Module: Licensee::ContentHelper::SimilarityMethods

Included in:
Licensee::ContentHelper
Defined in:
lib/licensee/content_helper/similarity_methods.rb

Overview

Mixin providing wordset-based similarity scoring.

Instance Method Summary collapse

Instance Method Details

#bigram_similarity(other) ⇒ Object

Given another license or project file, calculates the Dice coefficient over bigrams (consecutive word pairs).

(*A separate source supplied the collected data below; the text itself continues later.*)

lemma sqclass_square:
  fixes g :: "'k::field"
  assumes "g \<noteq> 0"
  shows "sqclass (g * g) = jone"
proof (rule set_eqI, rule iffI)
  fix x :: 'k assume "x \<in> sqclass (g * g)"
  then obtain s where "s \<noteq> 0" "x = g * g * s\<^sup>2" unfolding sqclass_def by blast
  then show "x \<in> jone"
    unfolding jone_def sqclass_def using assms
    by (intro CollectI exI[of _ "g * s"]) (simp add: power2_eq_square algebra_simps)
next
  fix x :: 'k assume "x \<in> jone"
  then obtain s where "s \<noteq> 0" "x = 1 * s\<^sup>2" unfolding jone_def sqclass_def by blast
  then show "x \<in> sqclass (g * g)"
    unfolding sqclass_def using assms
    by (intro CollectI exI[of _ "s / g"]) (simp add: power2_eq_square field_simps)
qed

lemma sqclass_self_mem: "g \<in> sqclass g"
  unfolding sqclass_def by (auto intro: exI[of _ 1])

lemma Jgrp_iff: "A \<in> Jgrp \<longleftrightarrow> (\<exists>g. g \<noteq> 0 \<and> A = sqclass g)"
  unfolding Jgrp_def by auto

lemma jmul_commute: "jmul A B = jmul B A"
  unfolding jmul_def by (auto simp: mult.commute; metis mult.commute)

lemma jmul_assoc: "jmul (jmul A B) C = jmul A (jmul B C)"
  unfolding jmul_def by (auto simp: mult.assoc; metis mult.assoc)

lemma jmul_left_commute: "jmul A (jmul B C) = jmul B (jmul A C)"
  by (metis jmul_assoc jmul_commute)

lemmas jmul_ac = jmul_assoc jmul_commute jmul_left_commute

lemma jone_in_Jgrp [simp]: "jone \<in> Jgrp"
  unfolding jone_def Jgrp_iff by (intro exI[of _ 1]) auto

lemma jmul_in_Jgrp [simp]: "A \<in> Jgrp \<Longrightarrow> B \<in> Jgrp \<Longrightarrow> jmul A B \<in> Jgrp"
  unfolding Jgrp_iff by (metis jmul_sqclass no_zero_divisors)

lemma jmul_jone_left [simp]: "A \<in> Jgrp \<Longrightarrow> jmul jone A = A"
  unfolding Jgrp_iff jone_def by (auto simp: jmul_sqclass)

lemma jmul_jone_right [simp]: "A \<in> Jgrp \<Longrightarrow> jmul A jone = A"
  using jmul_jone_left jmul_commute by metis

lemma jmul_self [simp]: "A \<in> Jgrp \<Longrightarrow> jmul A A = jone"
  unfolding Jgrp_iff by (auto simp: jmul_sqclass sqclass_square)

lemma jmul_self_left [simp]: "A \<in> Jgrp \<Longrightarrow> B \<in> Jgrp \<Longrightarrow> jmul A (jmul A B) = B"
  by (metis jmul_assoc jmul_self jmul_jone_left)

lemma jmul_eq_jone_iff: "A \<in> Jgrp \<Longrightarrow> B \<in> Jgrp \<Longrightarrow> jmul A B = jone \<longleftrightarrow> A = B"
  by (metis jmul_self jmul_self_left jmul_jone_right)

lemma jmul_eq_jmul_swap:
  assumes "A \<in> Jgrp" "B \<in> Jgrp" "C \<in> Jgrp" "D \<in> Jgrp" and "jmul A B = jmul C D"
  shows "jmul A C = jmul B D"
proof -
  have "jmul A C = jmul (jmul A B) (jmul B C)" using assms(1-3) by (simp add: jmul_ac)
  also have "\<dots> = jmul (jmul C D) (jmul B C)" using assms(5) by simp
  also have "\<dots> = jmul B D" using assms(2-4) by (simp add: jmul_ac)
  finally show ?thesis .
qed

lemma jsubspace_Jgrp: "jsubspace Jgrp"
  unfolding jsubspace_def by simp

lemma jsubspace_jone: "jsubspace {jone}"
  unfolding jsubspace_def by simp

lemma jsubspaceD:
  assumes "jsubspace V"
  shows "V \<subseteq> Jgrp" "jone \<in> V" "A \<in> V \<Longrightarrow> B \<in> V \<Longrightarrow> jmul A B \<in> V"
  using assms unfolding jsubspace_def by auto

lemma jsubspace_jmul_set:
  assumes A: "jsubspace A" and B: "jsubspace B"
  shows "jsubspace {jmul a b | a b. a \<in> A \<and> b \<in> B}"
  unfolding jsubspace_def
proof (intro conjI ballI)
  show "{jmul a b | a b. a \<in> A \<and> b \<in> B} \<subseteq> Jgrp"
    using jsubspaceD(1)[OF A] jsubspaceD(1)[OF B] by (blast intro: jmul_in_Jgrp)
  show "jone \<in> {jmul a b | a b. a \<in> A \<and> b \<in> B}"
    using jsubspaceD(2)[OF A] jsubspaceD(2)[OF B] by (intro CollectI exI[of _ jone]) simp
  fix C D assume "C \<in> {jmul a b | a b. a \<in> A \<and> b \<in> B}" "D \<in> {jmul a b | a b. a \<in> A \<and> b \<in> B}"
  then obtain a b a' b' where ab: "a \<in> A" "b \<in> B" "a' \<in> A" "b' \<in> B"
    and "C = jmul a b" "D = jmul a' b'" by blast
  then have "jmul C D = jmul (jmul a a') (jmul b b')" by (simp only: jmul_ac)
  moreover have "jmul a a' \<in> A" "jmul b b' \<in> B" using ab jsubspaceD(3)[OF A] jsubspaceD(3)[OF B] by blast+
  ultimately show "jmul C D \<in> {jmul a b | a b. a \<in> A \<and> b \<in> B}" by blast
qed

lemma jspan_subset_Jgrp: "S \<subseteq> Jgrp \<Longrightarrow> jspan S \<subseteq> Jgrp"
proof
  fix x assume "x \<in> jspan S" and "S \<subseteq> Jgrp"
  then show "x \<in> Jgrp" by (induction rule: jspan.induct) auto
qed

lemma jspan_jmul:
  assumes S: "S \<subseteq> Jgrp" and x: "x \<in> jspan S" and y: "y \<in> jspan S"
  shows "jmul x y \<in> jspan S"
  using x
proof (induction rule: jspan.induct)
  case one
  then show ?case using y jspan_subset_Jgrp[OF S] by auto
next
  case (mul s x)
  then show ?case by (simp add: jmul_assoc jspan.mul)
qed

lemma jspan_base: "s \<in> Jgrp \<Longrightarrow> s \<in> S \<Longrightarrow> s \<in> jspan S"
  using jspan.mul[OF _ jspan.one, of s S] by auto

lemma jspan_superset: "S \<subseteq> Jgrp \<Longrightarrow> S \<subseteq> jspan S"
  using jspan_base by blast

lemma jsubspace_jspan: "S \<subseteq> Jgrp \<Longrightarrow> jsubspace (jspan S)"
  unfolding jsubspace_def using jspan_subset_Jgrp jspan.one jspan_jmul by blast

lemma jspan_least: "jsubspace V \<Longrightarrow> S \<subseteq> V \<Longrightarrow> jspan S \<subseteq> V"
proof
  fix x assume "x \<in> jspan S" and "jsubspace V" "S \<subseteq> V"
  then show "x \<in> V" by (induction rule: jspan.induct) (auto dest: jsubspaceD)
qed

lemma jspan_eq_self: "jsubspace V \<Longrightarrow> jspan V = V"
  using jspan_least[of V V] jspan_base[of _ V] jsubspaceD(1) by blast

lemma jspan_mono: "S \<subseteq> T \<Longrightarrow> jspan S \<subseteq> jspan T"
proof
  fix x assume "x \<in> jspan S" and "S \<subseteq> T"
  then show "x \<in> jspan T" by (induction rule: jspan.induct) (auto intro: jspan.intros)
qed

lemma jspan_empty: "jspan {} = {jone}"
proof -
  have "x = jone" if "x \<in> jspan {}" for x :: "'k::field set"
    using that by (induction rule: jspan.induct) auto
  then show ?thesis using jspan.one by blast
qed

lemma jspan_insert:
  assumes a: "a \<in> Jgrp" and S: "S \<subseteq> Jgrp"
  shows "jspan (insert a S) = jspan S \<union> jmul a ` jspan S"
proof
  show "jspan (insert a S) \<subseteq> jspan S \<union> jmul a ` jspan S"
  proof
    fix x assume "x \<in> jspan (insert a S)"
    then show "x \<in> jspan S \<union> jmul a ` jspan S"
    proof (induction rule: jspan.induct)
      case one
      then show ?case using jspan.one by blast
    next
      case (mul s x)
      then consider "s = a" | "s \<in> S" by blast
      then show ?case
      proof cases
        case 1
        then show ?thesis
          using mul.IH a jspan_subset_Jgrp[OF S] by auto
      next
        case 2
        then show ?thesis
          using mul.IH jspan.mul[OF 2] by (auto simp: jmul_left_commute)
      qed
    qed
  qed
  show "jspan S \<union> jmul a ` jspan S \<subseteq> jspan (insert a S)"
    using jspan.mul[of a "insert a S"] jspan_mono[of S "insert a S"] by blast
qed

Unlike wordset similarity this is sensitive to word order, making it resistant to adversarial scrambling where all the correct words appear but in the wrong sequence.



20
21
22
23
24
25
26
27
28
# File 'lib/licensee/content_helper/similarity_methods.rb', line 20

def bigram_similarity(other)
  my_bigrams = bigrams
  other_bigrams = other.bigrams
  total = my_bigrams.size + other_bigrams.size
  return 0.0 if total.zero?

  overlap = (my_bigrams & other_bigrams).size
  (overlap * 200.0) / total
end

#similarity(other) ⇒ Object

Given another license or project file, calculates the similarity as a percentage of words in common, minus a tiny penalty that increases with size difference between licenses so that false positives for long licenses are ruled out by this score alone.



11
12
13
14
# File 'lib/licensee/content_helper/similarity_methods.rb', line 11

def similarity(other)
  overlap = (wordset_fieldless & other.wordset).size
  (overlap * 200.0) / similarity_denominator(other)
end